Idolatry
Tom Stanton
tstanton at nationalgeographic.com
Tue May 13 23:51:16 CDT 1997
>>On Tuesday, 13 May 1997, Jules Siegel wrote:
>>Is this the Thomas Ruggles Pynchon, Jr., fan club? Are we allowed
>>only to offer fawning praise to his talent . . .? What is really going
>>on here?
At 09:45 PM 5/13/97 -0500, Andrew Clarke Walser wrote:
>Unfortunately, Jules has a point here.[snip] As much as I
>admire Pynchon, I do not admire him as a hockey fan does
>the Blackhawks, or as a Trekkie does Captain Kirk.
God, I hope we don't come off like Trekkies!
I also think Jules has a point. I admire TRP immensely but he's
not for everybody (my older sister is struggling through "V." and
wonders what I see in the guy). The fans here do get pretty
uppity about direct attacks on TRP, but to some degree that's
to be expected. After all, the list exists for fans as well as scholars.
Where I'd part company with Jules is his apparent insistence on
havingthe last word in his flaming debates. He's not alone in this
either. I used to post a lot more, but I've slowed way down, mostly
because I notice a disturbing tendancy to be "right" than any real
interest in exploring, questioning, or debating a given issue.
>Jules also raises, later in his posting, an interesting question: Does
>the INACCURACY of some of Pynchon's work mar it aesthetically? Does
>Pynchon sacrifice a potentially valuable realism -- one toward which he
>seems to lean -- for the sake of cheap literary effects?

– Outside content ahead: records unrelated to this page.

(* Consider the network $N$ described in the context, with $3f < n \le 5f$. Let $X \in (A,B)$. Suppose the robots run any deterministic cautious algorithm. - If all Byzantine robots are located in $[A,X]$, then whenever the robots of $SetA$ are activated, their computed destinations lie in $[A,X]$. - Symmetrically, if all Byzantine robots are located in $[X,B]$, then whenever the robots of $SetB$ are activated, their computed destinations lie in $[X,B]$.
   Context: Model: robots on the real line in the ATOM model (each activated robot performs a full Look–Compute–Move cycle atomically). Robots are anonymous (same deterministic program), oblivious, have no common orientation, and have unlimited visibility with strong multiplicity detection (an observation is the multiset of all positions). Byzantine robots behave arbitrarily, with positions chosen by the adversary. Network $N$: there are $n$ robots, exactly $f$ of which are Byzantine, and $A<B$ are two points. - $SetA$: $f$ correct robots located at $A$. - $SetB$: $f$ correct robots located at $B$. - $SetX$: the remaining $n-3f$ correct robots, all at a common point $X \in (A,B)$. Cautious algorithm: for every time $t$ and every correct robot $i$, the last computed destination $D_i(t)$ lies in $[\min U^i(t), \max U^i(t)]$, where $U^i(t)$ is the multiset of positions of the correct robots in robot $i$'s last observation. In addition, whenever the correct robots are not all colocated, some correct robot later has a destination different from its position. *)

theory Defs
  imports Complex_Main "HOL-Library.Multiset"
begin

text \<open>A deterministic algorithm, executed in the robot's local coordinate system:
  it maps the observed multiset of positions (all n robots, strong multiplicity
  detection) and the robot's own position to a destination.\<close>
type_synonym algorithm = "real multiset \<Rightarrow> real \<Rightarrow> real"

text \<open>A local frame (a, b) with a \<noteq> 0: local coordinate of x is a*x+b
  (no common orientation, origin or unit).\<close>
definition valid_frame :: "real \<times> real \<Rightarrow> bool" where
  "valid_frame fr \<longleftrightarrow> fst fr \<noteq> 0"

definition to_local :: "real \<times> real \<Rightarrow> real \<Rightarrow> real" where
  "to_local fr x = fst fr * x + snd fr"

definition to_global :: "real \<times> real \<Rightarrow> real \<Rightarrow> real" where
  "to_global fr y = (y - snd fr) / fst fr"

definition destination :: "algorithm \<Rightarrow> real \<times> real \<Rightarrow> real multiset \<Rightarrow> real \<Rightarrow> real" where
  "destination alg fr obs p = to_global fr (alg (image_mset (to_local fr) obs) (to_local fr p))"

text \<open>Cautious (safety part): whenever the correct robots occupy C (n-f robots) and the
  f Byzantine robots occupy Z, any correct robot computes a destination in the
  hull of the correct positions, whatever its local frame.\<close>
definition cautious :: "nat \<Rightarrow> nat \<Rightarrow> algorithm \<Rightarrow> bool" where
  "cautious n f alg \<longleftrightarrow>
     (\<forall>C Z p fr. size C = n - f \<and> size Z = f \<and> p \<in># C \<and> valid_frame fr \<longrightarrow>
        destination alg fr (C + Z) p \<in> {Min (set_mset C) .. Max (set_mset C)})"

text \<open>Observation in network N: SetA (f at A), SetB (f at B), SetX (n-3f at X), Byzantine at Z.\<close>
definition network_obs :: "nat \<Rightarrow> nat \<Rightarrow> real \<Rightarrow> real \<Rightarrow> real \<Rightarrow> real multiset \<Rightarrow> real multiset" where
  "network_obs n f A B X Z =
     replicate_mset f A + replicate_mset f B + replicate_mset (n - 3 * f) X + Z"

end

theory Submission
  imports Defs
begin

text \<open>A robot of SetA cannot tell its configuration apart from one in which the f robots of
  SetB are the Byzantine ones and the f robots in [A,X] are correct. In that reading all
  correct robots lie in [A,X], so cautiousness confines the destination to [A,X];
  symmetrically for SetB.\<close>

lemma cautious_destination_in_interval:
  assumes "cautious n f alg" and "valid_frame fr"
    and "size C = n - f" and "size Z = f" and "p \<in># C"
    and "set_mset C \<subseteq> {a..b}"
  shows "destination alg fr (C + Z) p \<in> {a..b}"
proof -
  have "destination alg fr (C + Z) p \<in> {Min (set_mset C) .. Max (set_mset C)}"
    using assms(1-5) unfolding cautious_def by blast
  moreover have "Min (set_mset C) \<in> set_mset C" "Max (set_mset C) \<in> set_mset C"
    using \<open>p \<in># C\<close> by (auto intro: Min_in Max_in)
  ultimately show ?thesis
    using assms(6) by force
qed

lemma cautious_destination_ignores_far_group:
  assumes "cautious n f alg" and "valid_frame fr" and "3 * f < n" and "f > 0"
    and "size Z = f" and "set_mset Z \<subseteq> {a..b}" and "P \<in> {a..b}" and "X \<in> {a..b}"
  shows "destination alg fr
           (replicate_mset f P + replicate_mset f Q + replicate_mset (n - 3 * f) X + Z) P
         \<in> {a..b}"
proof -
  let ?C = "replicate_mset f P + replicate_mset (n - 3 * f) X + Z"
  have "replicate_mset f P + replicate_mset f Q + replicate_mset (n - 3 * f) X + Z
        = ?C + replicate_mset f Q"
    by (simp add: add_ac)
  moreover have "destination alg fr (?C + replicate_mset f Q) P \<in> {a..b}"
    using cautious_destination_in_interval[OF assms(1,2), of ?C] assms(3-8) by auto
  ultimately show ?thesis by (simp only:)
qed

theorem lemma1:
  fixes n f :: nat and A B X :: real and alg :: algorithm
  assumes "3 * f < n" and "n \<le> 5 * f"
    and "A < B" and "A < X" and "X < B"
    and "cautious n f alg"
  shows "(\<forall>Z fr. size Z = f \<and> set_mset Z \<subseteq> {A..X} \<and> valid_frame fr \<longrightarrow>
            destination alg fr (network_obs n f A B X Z) A \<in> {A..X})
       \<and> (\<forall>Z fr. size Z = f \<and> set_mset Z \<subseteq> {X..B} \<and> valid_frame fr \<longrightarrow>
            destination alg fr (network_obs n f A B X Z) B \<in> {X..B})"
proof -
  have "f > 0" using assms(1,2) by linarith
  note far_group = cautious_destination_ignores_far_group[OF assms(6) _ assms(1) \<open>f > 0\<close>]
  show ?thesis
  proof (intro conjI allI impI; elim conjE)
    fix Z fr
    assume "size Z = f" "set_mset Z \<subseteq> {A..X}" "valid_frame fr"
    then show "destination alg fr (network_obs n f A B X Z) A \<in> {A..X}"
      using far_group[of fr Z A X A X B] assms(4) by (simp add: network_obs_def)
  next
    fix Z fr
    assume "size Z = f" "set_mset Z \<subseteq> {X..B}" "valid_frame fr"
    moreover have "network_obs n f A B X Z =
        replicate_mset f B + replicate_mset f A + replicate_mset (n - 3 * f) X + Z"
      by (simp add: network_obs_def add_ac)
    ultimately show "destination alg fr (network_obs n f A B X Z) B \<in> {X..B}"
      using far_group[of fr Z X B B X A] assms(5) by simp
  qed
qed

end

TRP writes fiction, not journalism. While I admire his extensive use of
history, it is "used" in the fullest sense. Jules chides him over the drug
culture respresented in "Vineland," but the book, IMHO, was never about
the Northern CA drug culture Jules lived in, anymore than GR is about
the German rocket program. I've never seen any of TRP's works as an
example of realism (though he uses realism as a technique), and I doubt
scholars would classify him as a realist.